In the material below, find every line containing the string "longleftrightarrow" and return it.
____
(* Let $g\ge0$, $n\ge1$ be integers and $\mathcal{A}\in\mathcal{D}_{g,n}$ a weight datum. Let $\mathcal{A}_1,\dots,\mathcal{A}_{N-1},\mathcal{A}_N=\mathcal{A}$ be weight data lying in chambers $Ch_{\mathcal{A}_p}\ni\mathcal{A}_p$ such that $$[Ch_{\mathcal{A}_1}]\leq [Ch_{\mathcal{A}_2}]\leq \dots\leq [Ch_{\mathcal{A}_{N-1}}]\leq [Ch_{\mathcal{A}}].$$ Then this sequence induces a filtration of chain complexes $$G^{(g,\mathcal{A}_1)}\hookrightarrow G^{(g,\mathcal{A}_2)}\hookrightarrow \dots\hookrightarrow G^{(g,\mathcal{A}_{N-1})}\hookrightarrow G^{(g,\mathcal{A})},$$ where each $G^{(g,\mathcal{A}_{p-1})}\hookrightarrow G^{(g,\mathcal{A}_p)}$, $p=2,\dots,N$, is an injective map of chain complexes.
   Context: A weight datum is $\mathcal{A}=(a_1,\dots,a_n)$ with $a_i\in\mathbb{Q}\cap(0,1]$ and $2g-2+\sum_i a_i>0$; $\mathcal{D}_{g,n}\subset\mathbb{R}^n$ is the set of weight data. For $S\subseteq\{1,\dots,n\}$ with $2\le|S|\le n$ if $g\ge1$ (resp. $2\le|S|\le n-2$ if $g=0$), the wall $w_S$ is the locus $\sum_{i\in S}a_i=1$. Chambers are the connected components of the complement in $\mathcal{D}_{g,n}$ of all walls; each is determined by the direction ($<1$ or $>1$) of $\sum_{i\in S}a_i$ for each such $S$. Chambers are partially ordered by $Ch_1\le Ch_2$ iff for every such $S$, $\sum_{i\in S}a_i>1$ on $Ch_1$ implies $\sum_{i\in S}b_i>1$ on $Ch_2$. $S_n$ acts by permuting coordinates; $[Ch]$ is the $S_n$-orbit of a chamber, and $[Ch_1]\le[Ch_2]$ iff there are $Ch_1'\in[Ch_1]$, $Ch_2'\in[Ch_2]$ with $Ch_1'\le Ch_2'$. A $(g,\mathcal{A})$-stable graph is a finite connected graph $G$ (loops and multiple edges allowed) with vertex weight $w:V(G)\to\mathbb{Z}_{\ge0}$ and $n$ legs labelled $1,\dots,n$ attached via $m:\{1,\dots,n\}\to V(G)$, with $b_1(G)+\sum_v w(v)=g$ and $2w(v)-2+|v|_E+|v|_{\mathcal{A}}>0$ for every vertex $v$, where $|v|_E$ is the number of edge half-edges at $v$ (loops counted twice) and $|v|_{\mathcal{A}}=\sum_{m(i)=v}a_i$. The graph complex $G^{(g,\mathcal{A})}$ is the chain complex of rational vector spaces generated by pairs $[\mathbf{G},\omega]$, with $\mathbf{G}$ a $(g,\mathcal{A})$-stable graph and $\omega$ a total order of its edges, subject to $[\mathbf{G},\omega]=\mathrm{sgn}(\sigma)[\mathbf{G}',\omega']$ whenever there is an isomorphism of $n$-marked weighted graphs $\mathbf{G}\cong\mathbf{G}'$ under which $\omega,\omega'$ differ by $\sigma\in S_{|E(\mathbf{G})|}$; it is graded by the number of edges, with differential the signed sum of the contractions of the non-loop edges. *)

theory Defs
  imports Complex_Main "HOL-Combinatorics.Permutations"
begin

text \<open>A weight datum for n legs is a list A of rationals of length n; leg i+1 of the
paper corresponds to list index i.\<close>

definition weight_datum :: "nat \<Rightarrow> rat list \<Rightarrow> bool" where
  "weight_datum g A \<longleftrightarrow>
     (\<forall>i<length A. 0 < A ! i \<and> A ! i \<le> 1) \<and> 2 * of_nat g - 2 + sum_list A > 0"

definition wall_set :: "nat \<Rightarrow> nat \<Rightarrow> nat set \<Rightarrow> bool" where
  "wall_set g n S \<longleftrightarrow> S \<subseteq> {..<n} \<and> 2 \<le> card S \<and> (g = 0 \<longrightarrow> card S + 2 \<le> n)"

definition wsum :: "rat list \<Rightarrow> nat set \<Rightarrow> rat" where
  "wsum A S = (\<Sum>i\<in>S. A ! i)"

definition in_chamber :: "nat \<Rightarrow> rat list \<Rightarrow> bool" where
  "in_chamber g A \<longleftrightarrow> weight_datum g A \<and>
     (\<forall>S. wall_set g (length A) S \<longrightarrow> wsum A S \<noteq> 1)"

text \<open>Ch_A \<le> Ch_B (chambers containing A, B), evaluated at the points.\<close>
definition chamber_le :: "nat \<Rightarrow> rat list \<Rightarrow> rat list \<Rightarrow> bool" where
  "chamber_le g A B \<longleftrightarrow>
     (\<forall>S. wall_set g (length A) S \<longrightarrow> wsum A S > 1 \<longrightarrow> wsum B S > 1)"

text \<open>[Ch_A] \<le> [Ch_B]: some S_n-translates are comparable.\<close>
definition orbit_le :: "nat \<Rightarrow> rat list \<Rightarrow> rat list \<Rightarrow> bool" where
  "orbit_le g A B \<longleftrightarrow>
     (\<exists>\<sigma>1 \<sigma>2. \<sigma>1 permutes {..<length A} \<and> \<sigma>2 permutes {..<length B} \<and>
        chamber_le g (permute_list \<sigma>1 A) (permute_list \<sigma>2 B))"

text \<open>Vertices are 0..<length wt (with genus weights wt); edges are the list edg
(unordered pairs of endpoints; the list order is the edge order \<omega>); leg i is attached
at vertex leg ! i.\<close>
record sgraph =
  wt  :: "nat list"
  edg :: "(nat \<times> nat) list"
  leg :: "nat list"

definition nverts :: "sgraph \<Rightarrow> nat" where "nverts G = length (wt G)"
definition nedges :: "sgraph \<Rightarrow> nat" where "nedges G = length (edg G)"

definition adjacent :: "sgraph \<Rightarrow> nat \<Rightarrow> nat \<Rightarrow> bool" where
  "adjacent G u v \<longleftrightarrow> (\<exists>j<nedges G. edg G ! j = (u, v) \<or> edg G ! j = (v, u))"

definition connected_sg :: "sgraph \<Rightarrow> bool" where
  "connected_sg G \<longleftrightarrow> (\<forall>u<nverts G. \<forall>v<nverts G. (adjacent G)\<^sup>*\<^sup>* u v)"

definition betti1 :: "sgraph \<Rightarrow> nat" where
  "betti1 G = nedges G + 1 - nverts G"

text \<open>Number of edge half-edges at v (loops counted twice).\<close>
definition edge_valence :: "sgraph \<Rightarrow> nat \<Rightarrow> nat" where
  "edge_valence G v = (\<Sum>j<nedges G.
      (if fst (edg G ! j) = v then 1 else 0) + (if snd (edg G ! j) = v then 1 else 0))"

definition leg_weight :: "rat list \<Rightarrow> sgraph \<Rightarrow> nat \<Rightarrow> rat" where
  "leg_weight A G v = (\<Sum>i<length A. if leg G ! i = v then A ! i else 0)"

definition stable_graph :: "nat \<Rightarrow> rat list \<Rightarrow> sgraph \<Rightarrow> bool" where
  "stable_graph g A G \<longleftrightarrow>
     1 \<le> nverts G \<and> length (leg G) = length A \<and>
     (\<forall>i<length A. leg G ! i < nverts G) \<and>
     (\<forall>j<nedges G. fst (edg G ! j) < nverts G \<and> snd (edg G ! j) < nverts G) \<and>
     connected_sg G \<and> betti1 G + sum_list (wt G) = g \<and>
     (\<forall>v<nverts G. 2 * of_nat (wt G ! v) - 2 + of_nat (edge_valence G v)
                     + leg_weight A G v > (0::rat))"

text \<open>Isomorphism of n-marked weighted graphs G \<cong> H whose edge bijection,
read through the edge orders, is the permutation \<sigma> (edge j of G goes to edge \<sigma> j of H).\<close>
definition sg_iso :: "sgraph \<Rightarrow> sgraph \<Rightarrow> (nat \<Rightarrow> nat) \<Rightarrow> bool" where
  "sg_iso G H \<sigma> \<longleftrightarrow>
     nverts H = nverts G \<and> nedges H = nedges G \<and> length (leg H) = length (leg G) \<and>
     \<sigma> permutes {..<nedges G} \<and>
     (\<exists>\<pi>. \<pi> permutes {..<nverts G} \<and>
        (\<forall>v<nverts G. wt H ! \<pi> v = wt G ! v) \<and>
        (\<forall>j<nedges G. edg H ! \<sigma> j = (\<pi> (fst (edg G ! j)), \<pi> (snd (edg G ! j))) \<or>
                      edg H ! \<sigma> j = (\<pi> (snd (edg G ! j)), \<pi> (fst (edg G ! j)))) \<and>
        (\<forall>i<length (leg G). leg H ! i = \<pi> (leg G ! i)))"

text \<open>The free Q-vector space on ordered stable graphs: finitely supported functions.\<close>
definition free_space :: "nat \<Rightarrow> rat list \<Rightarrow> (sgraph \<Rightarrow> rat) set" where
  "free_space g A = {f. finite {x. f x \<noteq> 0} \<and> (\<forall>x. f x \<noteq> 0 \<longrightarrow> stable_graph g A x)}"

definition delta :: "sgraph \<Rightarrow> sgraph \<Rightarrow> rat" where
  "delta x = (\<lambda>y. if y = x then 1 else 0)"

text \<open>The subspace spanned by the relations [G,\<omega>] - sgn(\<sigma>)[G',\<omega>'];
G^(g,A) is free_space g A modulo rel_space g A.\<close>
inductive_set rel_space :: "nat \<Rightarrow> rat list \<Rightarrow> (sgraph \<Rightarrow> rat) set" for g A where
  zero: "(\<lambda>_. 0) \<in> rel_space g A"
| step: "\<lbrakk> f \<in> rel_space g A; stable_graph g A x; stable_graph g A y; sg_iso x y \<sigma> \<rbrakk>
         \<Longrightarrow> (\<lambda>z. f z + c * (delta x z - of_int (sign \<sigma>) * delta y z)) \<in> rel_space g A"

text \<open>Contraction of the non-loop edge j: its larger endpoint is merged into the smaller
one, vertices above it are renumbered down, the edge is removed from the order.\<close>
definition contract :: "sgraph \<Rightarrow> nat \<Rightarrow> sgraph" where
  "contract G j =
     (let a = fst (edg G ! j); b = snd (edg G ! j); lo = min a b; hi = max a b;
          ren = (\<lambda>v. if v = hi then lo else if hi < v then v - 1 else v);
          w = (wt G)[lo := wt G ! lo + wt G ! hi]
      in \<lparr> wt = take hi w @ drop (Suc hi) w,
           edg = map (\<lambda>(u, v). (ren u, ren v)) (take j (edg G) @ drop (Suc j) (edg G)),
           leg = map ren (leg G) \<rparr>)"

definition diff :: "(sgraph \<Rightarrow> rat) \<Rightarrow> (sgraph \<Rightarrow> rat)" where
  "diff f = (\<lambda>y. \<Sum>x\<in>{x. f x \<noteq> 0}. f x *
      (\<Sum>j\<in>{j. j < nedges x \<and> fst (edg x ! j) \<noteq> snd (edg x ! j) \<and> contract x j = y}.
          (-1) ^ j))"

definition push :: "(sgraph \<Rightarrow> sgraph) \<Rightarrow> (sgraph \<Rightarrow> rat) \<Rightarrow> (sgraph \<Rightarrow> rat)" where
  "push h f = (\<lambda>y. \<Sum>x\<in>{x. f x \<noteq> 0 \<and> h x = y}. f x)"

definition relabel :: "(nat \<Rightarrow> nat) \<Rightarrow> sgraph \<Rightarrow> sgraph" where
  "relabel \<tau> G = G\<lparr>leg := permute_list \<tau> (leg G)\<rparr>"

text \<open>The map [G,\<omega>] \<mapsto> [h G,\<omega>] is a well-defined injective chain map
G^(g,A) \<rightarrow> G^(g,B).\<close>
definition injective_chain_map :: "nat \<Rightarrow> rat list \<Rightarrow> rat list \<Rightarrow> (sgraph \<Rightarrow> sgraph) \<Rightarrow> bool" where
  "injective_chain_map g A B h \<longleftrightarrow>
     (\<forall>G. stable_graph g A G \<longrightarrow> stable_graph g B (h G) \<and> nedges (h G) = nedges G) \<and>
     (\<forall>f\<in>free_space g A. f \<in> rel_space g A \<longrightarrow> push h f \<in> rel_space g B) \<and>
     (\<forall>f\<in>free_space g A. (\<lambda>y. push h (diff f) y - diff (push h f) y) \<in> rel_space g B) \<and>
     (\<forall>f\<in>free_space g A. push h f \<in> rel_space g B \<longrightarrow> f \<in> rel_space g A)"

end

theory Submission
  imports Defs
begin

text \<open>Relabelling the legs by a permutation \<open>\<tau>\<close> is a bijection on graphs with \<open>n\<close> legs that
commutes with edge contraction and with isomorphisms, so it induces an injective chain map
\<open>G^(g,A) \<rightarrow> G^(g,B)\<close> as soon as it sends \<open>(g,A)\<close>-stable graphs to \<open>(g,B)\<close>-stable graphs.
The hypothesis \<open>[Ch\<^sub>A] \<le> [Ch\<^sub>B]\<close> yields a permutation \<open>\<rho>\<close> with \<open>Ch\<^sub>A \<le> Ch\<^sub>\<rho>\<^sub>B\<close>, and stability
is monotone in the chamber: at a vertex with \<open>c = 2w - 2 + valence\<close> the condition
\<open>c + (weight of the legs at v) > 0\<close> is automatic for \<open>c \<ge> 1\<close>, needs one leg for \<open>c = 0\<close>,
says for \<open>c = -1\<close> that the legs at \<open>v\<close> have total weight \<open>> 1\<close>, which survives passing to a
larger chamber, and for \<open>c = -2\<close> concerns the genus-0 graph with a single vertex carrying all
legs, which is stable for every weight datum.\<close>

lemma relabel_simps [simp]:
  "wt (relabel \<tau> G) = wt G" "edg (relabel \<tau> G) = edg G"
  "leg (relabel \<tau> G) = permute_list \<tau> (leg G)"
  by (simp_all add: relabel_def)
____
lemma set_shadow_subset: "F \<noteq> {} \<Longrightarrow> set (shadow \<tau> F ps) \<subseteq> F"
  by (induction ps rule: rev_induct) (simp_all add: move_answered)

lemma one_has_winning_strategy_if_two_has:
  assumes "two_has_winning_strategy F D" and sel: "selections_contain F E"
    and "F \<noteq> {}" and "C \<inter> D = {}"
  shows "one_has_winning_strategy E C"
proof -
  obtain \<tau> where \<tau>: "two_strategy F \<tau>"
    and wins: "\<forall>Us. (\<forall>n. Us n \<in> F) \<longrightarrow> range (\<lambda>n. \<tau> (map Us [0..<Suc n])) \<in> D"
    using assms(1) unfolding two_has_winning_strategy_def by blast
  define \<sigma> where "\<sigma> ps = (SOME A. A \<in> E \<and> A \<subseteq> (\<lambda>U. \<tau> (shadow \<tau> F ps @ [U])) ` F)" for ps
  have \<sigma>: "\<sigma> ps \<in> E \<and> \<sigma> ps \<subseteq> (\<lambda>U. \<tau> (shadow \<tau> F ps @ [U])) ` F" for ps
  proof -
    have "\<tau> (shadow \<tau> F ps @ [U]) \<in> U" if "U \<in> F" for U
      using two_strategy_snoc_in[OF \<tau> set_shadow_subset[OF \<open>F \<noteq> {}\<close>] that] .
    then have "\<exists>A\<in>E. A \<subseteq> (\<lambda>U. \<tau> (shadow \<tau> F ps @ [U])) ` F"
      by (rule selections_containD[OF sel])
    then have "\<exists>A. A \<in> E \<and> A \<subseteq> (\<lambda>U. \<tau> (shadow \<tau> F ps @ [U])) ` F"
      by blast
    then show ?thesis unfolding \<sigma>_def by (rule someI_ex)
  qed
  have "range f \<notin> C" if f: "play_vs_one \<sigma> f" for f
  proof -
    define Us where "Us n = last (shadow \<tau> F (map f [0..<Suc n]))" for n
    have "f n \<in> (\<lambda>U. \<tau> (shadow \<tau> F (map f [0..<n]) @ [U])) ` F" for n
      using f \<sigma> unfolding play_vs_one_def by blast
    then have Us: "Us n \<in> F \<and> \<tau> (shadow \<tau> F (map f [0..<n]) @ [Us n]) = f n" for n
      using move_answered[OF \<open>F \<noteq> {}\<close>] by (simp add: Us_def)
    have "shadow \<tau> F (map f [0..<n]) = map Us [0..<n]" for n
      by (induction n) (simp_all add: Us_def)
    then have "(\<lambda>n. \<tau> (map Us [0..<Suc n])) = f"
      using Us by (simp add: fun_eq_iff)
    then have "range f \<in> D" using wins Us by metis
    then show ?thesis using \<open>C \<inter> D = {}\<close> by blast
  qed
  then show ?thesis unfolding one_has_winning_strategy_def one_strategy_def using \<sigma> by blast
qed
____
**Solution to this problem**
  "weight_datum g A \<longleftrightarrow>
  "wall_set g n S \<longleftrightarrow> S \<subseteq> {..<n} \<and> 2 \<le> card S \<and> (g = 0 \<longrightarrow> card S + 2 \<le> n)"
  "in_chamber g A \<longleftrightarrow> weight_datum g A \<and>
  "chamber_le g A B \<longleftrightarrow>
  "orbit_le g A B \<longleftrightarrow>
  "adjacent G u v \<longleftrightarrow> (\<exists>j<nedges G. edg G ! j = (u, v) \<or> edg G ! j = (v, u))"
  "connected_sg G \<longleftrightarrow> (\<forall>u<nverts G. \<forall>v<nverts G. (adjacent G)\<^sup>*\<^sup>* u v)"
  "stable_graph g A G \<longleftrightarrow>
  "sg_iso G H \<sigma> \<longleftrightarrow>
  "injective_chain_map g A B h \<longleftrightarrow>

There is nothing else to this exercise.